=== DATASET CONTENT ===

_ _ _ _ _ _ _

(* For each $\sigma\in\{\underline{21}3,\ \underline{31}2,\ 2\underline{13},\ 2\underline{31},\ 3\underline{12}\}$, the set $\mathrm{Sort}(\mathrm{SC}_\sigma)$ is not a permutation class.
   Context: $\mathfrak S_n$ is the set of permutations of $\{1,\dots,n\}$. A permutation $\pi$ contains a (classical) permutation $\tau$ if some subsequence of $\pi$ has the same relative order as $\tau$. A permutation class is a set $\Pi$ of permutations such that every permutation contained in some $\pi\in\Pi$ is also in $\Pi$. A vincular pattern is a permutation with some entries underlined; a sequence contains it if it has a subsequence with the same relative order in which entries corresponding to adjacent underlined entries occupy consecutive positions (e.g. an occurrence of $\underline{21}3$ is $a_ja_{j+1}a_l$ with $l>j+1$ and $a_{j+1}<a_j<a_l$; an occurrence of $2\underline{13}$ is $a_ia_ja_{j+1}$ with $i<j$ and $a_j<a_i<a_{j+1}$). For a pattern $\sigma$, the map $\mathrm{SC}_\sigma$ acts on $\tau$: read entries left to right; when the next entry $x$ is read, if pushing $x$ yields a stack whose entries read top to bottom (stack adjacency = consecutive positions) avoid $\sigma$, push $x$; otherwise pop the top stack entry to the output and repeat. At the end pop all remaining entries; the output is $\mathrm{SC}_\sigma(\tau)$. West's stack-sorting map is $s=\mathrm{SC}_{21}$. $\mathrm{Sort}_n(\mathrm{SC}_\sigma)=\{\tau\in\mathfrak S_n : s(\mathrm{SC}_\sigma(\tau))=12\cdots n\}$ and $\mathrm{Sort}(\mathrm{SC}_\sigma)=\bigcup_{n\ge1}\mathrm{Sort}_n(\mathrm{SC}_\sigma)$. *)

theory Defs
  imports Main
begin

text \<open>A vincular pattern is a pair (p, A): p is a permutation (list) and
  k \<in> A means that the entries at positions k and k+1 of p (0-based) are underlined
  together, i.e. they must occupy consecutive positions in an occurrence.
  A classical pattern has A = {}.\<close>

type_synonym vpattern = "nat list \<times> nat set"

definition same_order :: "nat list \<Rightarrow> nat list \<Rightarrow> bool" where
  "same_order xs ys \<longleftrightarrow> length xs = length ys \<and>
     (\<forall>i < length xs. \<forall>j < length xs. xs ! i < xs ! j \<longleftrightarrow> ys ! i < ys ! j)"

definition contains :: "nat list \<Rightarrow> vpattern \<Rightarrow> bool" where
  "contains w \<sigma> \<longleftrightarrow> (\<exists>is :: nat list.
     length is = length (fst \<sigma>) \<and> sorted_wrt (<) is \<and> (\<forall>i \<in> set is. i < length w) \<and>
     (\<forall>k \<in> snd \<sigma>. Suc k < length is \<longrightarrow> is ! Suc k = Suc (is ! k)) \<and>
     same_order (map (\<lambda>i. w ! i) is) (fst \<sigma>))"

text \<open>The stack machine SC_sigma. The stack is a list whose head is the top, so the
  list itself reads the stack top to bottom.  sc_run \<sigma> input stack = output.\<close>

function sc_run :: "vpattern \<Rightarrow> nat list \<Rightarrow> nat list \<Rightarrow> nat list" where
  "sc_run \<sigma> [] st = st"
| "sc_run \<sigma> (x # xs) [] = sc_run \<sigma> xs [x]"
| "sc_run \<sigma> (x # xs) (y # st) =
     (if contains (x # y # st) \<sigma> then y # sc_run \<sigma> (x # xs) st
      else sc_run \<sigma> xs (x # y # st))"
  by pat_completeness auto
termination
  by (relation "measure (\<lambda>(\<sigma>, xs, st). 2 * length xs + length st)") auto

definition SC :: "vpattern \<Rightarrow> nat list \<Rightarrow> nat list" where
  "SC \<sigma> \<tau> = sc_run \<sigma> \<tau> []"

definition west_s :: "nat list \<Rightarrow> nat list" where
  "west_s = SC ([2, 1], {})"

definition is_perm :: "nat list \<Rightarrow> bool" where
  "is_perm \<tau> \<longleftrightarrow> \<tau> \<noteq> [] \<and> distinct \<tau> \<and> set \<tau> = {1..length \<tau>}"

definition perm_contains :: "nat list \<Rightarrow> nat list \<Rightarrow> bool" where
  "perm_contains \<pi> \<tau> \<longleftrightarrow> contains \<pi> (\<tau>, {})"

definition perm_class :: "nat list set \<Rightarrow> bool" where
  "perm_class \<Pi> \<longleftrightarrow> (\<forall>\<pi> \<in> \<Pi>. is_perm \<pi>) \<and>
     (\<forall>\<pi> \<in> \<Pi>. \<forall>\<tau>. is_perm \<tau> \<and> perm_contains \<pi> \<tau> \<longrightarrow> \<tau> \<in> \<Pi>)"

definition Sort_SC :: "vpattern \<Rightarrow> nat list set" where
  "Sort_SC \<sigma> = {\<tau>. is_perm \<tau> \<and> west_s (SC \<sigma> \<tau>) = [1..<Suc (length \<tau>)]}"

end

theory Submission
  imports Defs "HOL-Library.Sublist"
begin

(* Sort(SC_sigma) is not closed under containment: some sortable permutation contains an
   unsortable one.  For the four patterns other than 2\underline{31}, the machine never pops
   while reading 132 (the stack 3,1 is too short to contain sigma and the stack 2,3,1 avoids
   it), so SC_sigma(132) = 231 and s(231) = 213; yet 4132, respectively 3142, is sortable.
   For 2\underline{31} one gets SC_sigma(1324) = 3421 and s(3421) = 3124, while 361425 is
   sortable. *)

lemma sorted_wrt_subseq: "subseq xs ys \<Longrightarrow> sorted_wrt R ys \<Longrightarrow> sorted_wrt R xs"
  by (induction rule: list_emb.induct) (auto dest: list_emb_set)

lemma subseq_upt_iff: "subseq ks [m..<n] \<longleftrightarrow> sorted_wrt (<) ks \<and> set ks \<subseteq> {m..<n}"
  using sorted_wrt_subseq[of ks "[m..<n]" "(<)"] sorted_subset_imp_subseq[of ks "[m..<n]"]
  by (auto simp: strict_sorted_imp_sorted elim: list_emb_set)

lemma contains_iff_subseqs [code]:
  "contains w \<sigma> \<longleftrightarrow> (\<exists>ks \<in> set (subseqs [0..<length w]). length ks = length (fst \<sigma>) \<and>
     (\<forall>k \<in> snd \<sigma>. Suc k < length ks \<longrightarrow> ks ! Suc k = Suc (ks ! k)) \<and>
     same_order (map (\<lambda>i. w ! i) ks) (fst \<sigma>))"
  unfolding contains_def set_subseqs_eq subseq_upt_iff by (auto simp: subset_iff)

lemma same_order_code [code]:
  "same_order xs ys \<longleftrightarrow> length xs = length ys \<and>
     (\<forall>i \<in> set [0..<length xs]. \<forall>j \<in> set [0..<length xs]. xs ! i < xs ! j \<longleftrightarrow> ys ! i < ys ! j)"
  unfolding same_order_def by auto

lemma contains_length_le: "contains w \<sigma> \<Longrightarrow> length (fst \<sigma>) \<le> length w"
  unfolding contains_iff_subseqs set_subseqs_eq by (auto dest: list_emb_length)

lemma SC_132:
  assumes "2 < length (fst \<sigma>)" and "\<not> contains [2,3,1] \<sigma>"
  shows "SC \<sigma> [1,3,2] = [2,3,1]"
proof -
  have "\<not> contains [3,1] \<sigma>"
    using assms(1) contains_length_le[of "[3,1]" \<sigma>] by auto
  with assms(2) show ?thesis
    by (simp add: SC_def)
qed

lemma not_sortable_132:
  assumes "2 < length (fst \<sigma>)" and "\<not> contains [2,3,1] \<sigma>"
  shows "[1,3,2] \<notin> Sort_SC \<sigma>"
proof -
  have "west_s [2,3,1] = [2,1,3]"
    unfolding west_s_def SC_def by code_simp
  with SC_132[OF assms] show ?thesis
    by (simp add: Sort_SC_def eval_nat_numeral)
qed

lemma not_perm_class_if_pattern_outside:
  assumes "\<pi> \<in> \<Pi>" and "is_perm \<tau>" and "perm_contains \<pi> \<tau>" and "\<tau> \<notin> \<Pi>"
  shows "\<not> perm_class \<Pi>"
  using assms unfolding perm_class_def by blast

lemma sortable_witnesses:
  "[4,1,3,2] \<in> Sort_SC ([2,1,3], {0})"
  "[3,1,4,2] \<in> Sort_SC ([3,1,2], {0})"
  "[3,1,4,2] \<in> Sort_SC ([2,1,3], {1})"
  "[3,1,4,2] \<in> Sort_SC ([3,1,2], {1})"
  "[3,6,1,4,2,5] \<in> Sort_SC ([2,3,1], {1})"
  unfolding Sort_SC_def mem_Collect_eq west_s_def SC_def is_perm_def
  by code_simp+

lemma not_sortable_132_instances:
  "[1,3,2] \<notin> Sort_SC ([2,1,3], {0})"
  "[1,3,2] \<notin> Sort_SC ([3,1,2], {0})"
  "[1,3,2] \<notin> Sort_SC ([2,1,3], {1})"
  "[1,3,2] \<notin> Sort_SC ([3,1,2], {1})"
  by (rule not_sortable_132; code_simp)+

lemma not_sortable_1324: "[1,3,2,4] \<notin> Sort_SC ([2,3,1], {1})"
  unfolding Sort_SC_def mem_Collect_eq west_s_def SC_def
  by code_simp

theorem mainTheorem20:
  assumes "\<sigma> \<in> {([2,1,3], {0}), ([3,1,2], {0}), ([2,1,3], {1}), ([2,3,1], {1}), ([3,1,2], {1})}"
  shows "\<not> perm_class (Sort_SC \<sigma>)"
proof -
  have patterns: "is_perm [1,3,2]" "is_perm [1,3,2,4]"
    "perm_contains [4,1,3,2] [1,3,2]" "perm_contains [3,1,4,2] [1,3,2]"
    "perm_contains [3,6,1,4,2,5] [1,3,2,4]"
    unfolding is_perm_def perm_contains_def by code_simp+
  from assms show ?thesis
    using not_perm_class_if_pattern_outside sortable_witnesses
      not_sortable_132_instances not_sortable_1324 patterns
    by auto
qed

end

_ _ _ _ _ _ _

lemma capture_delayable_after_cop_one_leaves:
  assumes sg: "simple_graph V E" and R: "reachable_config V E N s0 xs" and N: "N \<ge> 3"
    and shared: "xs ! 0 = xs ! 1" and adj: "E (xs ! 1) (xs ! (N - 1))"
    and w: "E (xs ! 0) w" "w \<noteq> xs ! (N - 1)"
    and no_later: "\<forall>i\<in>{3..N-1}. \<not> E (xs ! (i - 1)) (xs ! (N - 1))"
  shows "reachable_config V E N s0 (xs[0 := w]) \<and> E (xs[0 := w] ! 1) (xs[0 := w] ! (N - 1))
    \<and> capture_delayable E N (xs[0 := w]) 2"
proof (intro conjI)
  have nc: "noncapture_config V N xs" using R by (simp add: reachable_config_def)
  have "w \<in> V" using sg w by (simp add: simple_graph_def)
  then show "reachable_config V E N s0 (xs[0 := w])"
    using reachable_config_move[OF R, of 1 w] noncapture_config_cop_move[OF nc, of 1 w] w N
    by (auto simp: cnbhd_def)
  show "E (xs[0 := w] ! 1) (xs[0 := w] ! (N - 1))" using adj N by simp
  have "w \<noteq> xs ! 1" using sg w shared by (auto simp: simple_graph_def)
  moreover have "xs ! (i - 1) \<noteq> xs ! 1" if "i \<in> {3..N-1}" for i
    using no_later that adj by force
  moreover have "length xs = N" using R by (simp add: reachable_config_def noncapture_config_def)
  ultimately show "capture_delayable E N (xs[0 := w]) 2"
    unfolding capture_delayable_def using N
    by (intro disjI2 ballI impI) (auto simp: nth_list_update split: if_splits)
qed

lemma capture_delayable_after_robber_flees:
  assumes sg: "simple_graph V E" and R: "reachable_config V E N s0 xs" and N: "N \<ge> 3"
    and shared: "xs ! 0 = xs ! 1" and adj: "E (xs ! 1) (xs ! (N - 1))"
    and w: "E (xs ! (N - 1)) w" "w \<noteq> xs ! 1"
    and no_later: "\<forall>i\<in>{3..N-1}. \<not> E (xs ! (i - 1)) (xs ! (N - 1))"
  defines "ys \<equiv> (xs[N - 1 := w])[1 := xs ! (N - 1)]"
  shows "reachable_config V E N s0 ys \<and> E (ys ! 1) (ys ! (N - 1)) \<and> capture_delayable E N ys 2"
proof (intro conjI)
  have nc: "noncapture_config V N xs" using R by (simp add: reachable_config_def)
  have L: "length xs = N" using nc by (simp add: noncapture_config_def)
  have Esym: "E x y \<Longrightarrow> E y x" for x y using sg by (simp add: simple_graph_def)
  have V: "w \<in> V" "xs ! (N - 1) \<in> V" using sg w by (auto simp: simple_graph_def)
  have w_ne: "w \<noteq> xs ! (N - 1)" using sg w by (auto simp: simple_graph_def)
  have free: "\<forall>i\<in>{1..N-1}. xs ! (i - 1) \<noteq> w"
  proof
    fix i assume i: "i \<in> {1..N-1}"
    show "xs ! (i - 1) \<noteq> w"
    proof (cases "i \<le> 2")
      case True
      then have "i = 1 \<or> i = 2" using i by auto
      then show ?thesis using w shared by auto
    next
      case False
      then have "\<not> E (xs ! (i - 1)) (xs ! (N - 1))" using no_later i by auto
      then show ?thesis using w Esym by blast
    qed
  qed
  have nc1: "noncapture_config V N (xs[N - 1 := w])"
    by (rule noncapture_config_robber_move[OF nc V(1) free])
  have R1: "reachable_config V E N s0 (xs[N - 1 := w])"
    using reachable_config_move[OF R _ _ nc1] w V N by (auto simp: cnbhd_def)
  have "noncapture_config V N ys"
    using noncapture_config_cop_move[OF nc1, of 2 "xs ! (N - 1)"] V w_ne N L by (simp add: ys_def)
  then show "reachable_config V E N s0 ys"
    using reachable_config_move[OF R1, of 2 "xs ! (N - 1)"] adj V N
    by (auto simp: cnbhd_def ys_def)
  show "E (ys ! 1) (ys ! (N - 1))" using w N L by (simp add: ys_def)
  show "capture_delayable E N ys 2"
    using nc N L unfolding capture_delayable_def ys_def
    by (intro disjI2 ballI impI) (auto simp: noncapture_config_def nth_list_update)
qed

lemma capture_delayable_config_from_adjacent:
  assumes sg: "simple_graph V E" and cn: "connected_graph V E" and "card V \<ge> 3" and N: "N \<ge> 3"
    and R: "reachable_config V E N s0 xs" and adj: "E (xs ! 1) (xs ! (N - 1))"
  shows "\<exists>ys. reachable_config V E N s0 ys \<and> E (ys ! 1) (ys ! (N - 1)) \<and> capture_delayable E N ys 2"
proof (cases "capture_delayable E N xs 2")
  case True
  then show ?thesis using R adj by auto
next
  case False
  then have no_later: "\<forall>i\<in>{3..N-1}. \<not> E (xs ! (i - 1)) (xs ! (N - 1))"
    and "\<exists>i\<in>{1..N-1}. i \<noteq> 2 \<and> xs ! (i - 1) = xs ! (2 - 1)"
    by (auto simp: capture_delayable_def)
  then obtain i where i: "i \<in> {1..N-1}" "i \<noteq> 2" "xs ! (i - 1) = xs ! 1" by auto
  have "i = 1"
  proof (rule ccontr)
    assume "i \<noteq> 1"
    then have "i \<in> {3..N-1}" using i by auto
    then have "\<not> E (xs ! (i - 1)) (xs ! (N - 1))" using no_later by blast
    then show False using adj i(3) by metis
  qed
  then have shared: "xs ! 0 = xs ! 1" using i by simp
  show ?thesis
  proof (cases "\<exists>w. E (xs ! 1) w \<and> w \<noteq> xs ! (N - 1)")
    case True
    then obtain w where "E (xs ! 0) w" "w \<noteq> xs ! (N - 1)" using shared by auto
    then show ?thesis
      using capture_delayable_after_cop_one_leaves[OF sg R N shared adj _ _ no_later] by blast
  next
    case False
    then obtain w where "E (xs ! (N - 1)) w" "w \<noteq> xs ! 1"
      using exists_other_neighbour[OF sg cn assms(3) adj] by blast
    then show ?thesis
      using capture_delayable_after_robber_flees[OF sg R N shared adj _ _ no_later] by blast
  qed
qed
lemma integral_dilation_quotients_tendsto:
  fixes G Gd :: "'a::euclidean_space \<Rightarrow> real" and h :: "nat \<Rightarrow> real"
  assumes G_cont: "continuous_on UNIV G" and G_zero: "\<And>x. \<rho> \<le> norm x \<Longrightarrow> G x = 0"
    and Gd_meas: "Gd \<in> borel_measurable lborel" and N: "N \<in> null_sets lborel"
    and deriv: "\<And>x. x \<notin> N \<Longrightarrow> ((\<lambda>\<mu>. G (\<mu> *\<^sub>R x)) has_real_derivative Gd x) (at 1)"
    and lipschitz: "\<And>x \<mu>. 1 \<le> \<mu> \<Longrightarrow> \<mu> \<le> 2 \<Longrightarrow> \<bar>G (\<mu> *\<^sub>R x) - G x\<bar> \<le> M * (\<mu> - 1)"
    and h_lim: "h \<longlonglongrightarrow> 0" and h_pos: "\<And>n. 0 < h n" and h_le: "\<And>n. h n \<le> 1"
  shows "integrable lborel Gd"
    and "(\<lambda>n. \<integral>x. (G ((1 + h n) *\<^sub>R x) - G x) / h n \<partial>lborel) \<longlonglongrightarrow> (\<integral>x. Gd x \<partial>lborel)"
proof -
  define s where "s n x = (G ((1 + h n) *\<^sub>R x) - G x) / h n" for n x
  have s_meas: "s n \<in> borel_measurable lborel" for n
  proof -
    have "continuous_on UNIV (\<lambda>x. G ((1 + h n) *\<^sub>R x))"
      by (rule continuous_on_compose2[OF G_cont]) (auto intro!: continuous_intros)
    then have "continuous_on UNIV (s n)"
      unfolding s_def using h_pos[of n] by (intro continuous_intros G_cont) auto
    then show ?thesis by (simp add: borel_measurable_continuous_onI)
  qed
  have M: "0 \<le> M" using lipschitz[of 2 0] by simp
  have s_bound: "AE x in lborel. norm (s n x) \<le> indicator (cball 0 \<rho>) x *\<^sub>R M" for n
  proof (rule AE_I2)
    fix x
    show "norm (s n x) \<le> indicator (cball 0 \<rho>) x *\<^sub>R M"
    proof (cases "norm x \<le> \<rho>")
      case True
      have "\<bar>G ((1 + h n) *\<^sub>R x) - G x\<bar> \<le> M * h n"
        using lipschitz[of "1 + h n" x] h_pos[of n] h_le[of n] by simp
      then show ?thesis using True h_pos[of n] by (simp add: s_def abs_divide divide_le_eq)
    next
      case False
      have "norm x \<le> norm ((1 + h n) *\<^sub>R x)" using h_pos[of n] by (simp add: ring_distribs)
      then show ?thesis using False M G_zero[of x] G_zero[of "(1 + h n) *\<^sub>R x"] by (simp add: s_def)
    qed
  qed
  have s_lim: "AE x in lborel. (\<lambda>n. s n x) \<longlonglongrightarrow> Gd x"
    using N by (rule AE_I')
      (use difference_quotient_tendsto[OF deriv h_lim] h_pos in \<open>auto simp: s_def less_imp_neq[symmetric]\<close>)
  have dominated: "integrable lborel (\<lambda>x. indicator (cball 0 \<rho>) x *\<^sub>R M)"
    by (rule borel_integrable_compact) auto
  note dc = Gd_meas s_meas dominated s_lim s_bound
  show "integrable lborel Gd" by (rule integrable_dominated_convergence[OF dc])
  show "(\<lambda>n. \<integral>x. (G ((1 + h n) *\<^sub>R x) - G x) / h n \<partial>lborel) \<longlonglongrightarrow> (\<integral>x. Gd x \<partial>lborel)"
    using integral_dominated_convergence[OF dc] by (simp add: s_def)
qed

_ _ _ _ _ _ _

=== EXERCISE GOAL ===
Please copy out each line of the listing above that contains the string "partial".

=== REPLY ===
    and "(\<lambda>n. \<integral>x. (G ((1 + h n) *\<^sub>R x) - G x) / h n \<partial>lborel) \<longlonglongrightarrow> (\<integral>x. Gd x \<partial>lborel)"
  show "(\<lambda>n. \<integral>x. (G ((1 + h n) *\<^sub>R x) - G x) / h n \<partial>lborel) \<longlonglongrightarrow> (\<integral>x. Gd x \<partial>lborel)"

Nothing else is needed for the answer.